Coleman Claims Parliamentary Privilege to Avoid Giving Evidence in Nanaimo Trial

Plaintiffs wanted former minister to explain 2008 email on TimberWest sale.

By Andrew MacLeod 7 Feb 2019 | TheTyee.ca

Andrew MacLeod is The Tyee's Legislative Bureau Chief in Victoria and the author of All Together Healthy (Douglas & McIntyre, 2018).
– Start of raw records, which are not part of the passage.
lemma gibbs_avg_abs_le_ln_exp_moments:
  assumes Q: "prob_space Q" and y: "y \<in> borel_measurable Q"
    and int0: "integrable Q (\<lambda>x. exp (\<beta> * h x))"
    and int_plus: "integrable Q (\<lambda>x. exp (y x) * exp (\<beta> * h x))"
    and int_minus: "integrable Q (\<lambda>x. exp (- y x) * exp (\<beta> * h x))"
  shows "gibbs_avg Q h \<beta> (\<lambda>x. \<bar>y x\<bar>)
    \<le> ln (gibbs_avg Q h \<beta> (\<lambda>x. exp (y x)) + gibbs_avg Q h \<beta> (\<lambda>x. exp (- y x)))"
proof -
  define w where "w x = exp (\<beta> * h x)" for x
  define Z where "Z = partition_fn Q h \<beta>"
  define I_plus where "I_plus = (\<integral>x. exp (y x) * w x \<partial>Q)"
  define I_minus where "I_minus = (\<integral>x. exp (- y x) * w x \<partial>Q)"
  define c where "c = ln ((I_plus + I_minus) / Z)"
  define R where "R x = exp (- c) * (exp (y x) * w x) + exp (- c) * (exp (- y x) * w x) + (c - 1) * w x"
    for x
  have Z: "Z > 0" unfolding Z_def by (rule partition_fn_pos[OF Q int0])
  have I: "I_plus > 0" "I_minus > 0"
    unfolding I_plus_def I_minus_def w_def using int_plus int_minus by (auto intro: integral_pos_prob_space[OF Q])
  have avg: "gibbs_avg Q h \<beta> (\<lambda>x. exp (y x)) + gibbs_avg Q h \<beta> (\<lambda>x. exp (- y x)) = (I_plus + I_minus) / Z"
    by (simp add: gibbs_avg_def I_plus_def I_minus_def Z_def w_def add_divide_distrib)
  \<comment> \<open>\<open>e\<^sup>u \<ge> 1 + u\<close> at \<open>u = |y| - c\<close>; this \<open>c\<close> makes the right-hand side
    average to exactly \<open>c\<close>.\<close>
  have pointwise: "\<bar>y x\<bar> * w x \<le> R x" for x
  proof -
    have "\<bar>y x\<bar> \<le> exp (\<bar>y x\<bar> - c) + c - 1"
      using exp_ge_add_one_self[of "\<bar>y x\<bar> - c"] by linarith
    also have "exp (\<bar>y x\<bar> - c) \<le> exp (- c) * (exp (y x) + exp (- y x))"
      by (cases "y x \<ge> 0") (simp_all add: exp_diff exp_minus field_simps add_pos_pos)
    finally have "\<bar>y x\<bar> * w x \<le> (exp (- c) * (exp (y x) + exp (- y x)) + c - 1) * w x"
      unfolding w_def by (intro mult_right_mono) auto
    then show ?thesis by (simp add: R_def algebra_simps)
  qed
  have R: "integrable Q R"
    unfolding R_def w_def using int0 int_plus int_minus by simp
  have "w \<in> borel_measurable Q"
    using int0 unfolding w_def by (rule borel_measurable_integrable)
  then have "(\<lambda>x. \<bar>y x\<bar> * w x) \<in> borel_measurable Q"
    using y by measurable
  moreover have "norm (\<bar>y x\<bar> * w x) \<le> norm (R x)" for x
    using pointwise[of x] by (simp add: w_def abs_mult)
  ultimately have "integrable Q (\<lambda>x. \<bar>y x\<bar> * w x)"
    by (intro Bochner_Integration.integrable_bound[OF R] AE_I2)
  then have "(\<integral>x. \<bar>y x\<bar> * w x \<partial>Q) \<le> (\<integral>x. R x \<partial>Q)"
    using R pointwise by (rule integral_mono)
  also have "(\<integral>x. R x \<partial>Q) = exp (- c) * (I_plus + I_minus) + (c - 1) * Z"
    unfolding R_def I_plus_def I_minus_def Z_def partition_fn_def w_def
    using int0 int_plus int_minus by (simp add: distrib_left)
  also have "\<dots> = c * Z"
    using I Z by (simp add: c_def exp_minus field_simps)
  finally have "(\<integral>x. \<bar>y x\<bar> * w x \<partial>Q) / Z \<le> c"
    using Z by (simp add: pos_divide_le_eq)
  then show ?thesis
    unfolding avg c_def[symmetric] by (simp add: gibbs_avg_def w_def Z_def)
qed
(* Let $S$ be the convergent sequence, i.e. a space homeomorphic to $\{0\}\cup\{1/n: n\in\mathbb{N}\}\subset\mathbb{R}$. A locally convex space $E$ is analytic if and only if $E$ is a continuous image of the space $C_{p}(S)$.
   Context: $C_p(S)$ is the space of continuous real-valued functions on $S$ with the pointwise convergence topology. A topological space is analytic if it is a continuous image of the space $\mathbb{N}^{\mathbb{N}}$ (homeomorphic to the space of irrationals). *)

theory Defs
  imports "HOL-Analysis.Analysis"
begin

definition tvs :: "'a::real_vector topology \<Rightarrow> bool" where
  "tvs T \<longleftrightarrow> topspace T = UNIV
     \<and> continuous_map (prod_topology T T) T (\<lambda>(x, y). x + y)
     \<and> continuous_map (prod_topology euclideanreal T) T (\<lambda>(c, x). c *\<^sub>R x)"

definition locally_convex_space :: "'a::real_vector topology \<Rightarrow> bool" where
  "locally_convex_space T \<longleftrightarrow> tvs T \<and> Hausdorff_space T
     \<and> (\<forall>x U. openin T U \<and> x \<in> U \<longrightarrow> (\<exists>V. openin T V \<and> convex V \<and> x \<in> V \<and> V \<subseteq> U))"

definition baire_space :: "(nat \<Rightarrow> nat) topology" where
  "baire_space = product_topology (\<lambda>_. discrete_topology UNIV) UNIV"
Find him on Twitter or reach him at

Former forest minister Rich Coleman has won his fight to avoid testifying in a trial under way in Nanaimo.

Andrew Crabtree, one of the lawyers for plaintiff Ted LeRoy Trucking Ltd., said they won’t press in court to have Coleman appear.

Based on recent precedent, such a bid is unlikely to be successful, acknowledged Andrew Crabtree, one of the lawyers acting for the plaintiffs.

Coleman could testify, but is choosing not to provide evidence, Crabtree said.

“There’s nothing in law preventing him from attending, notwithstanding his claim of parliamentary privilege,” he said, “and his reliance on parliamentary privilege as a bar to testifying arose just recently.”

The suit filed in B.C. Supreme Court alleges that the defendants — TimberWest Forest Corp., two associated companies and three senior TimberWest officials, including former CEO Paul McElligott — deliberately drove Ted LeRoy Trucking, a major contractor for TimberWest, into bankruptcy. The case alleges TimberWest wanted to get out of contracts with the company.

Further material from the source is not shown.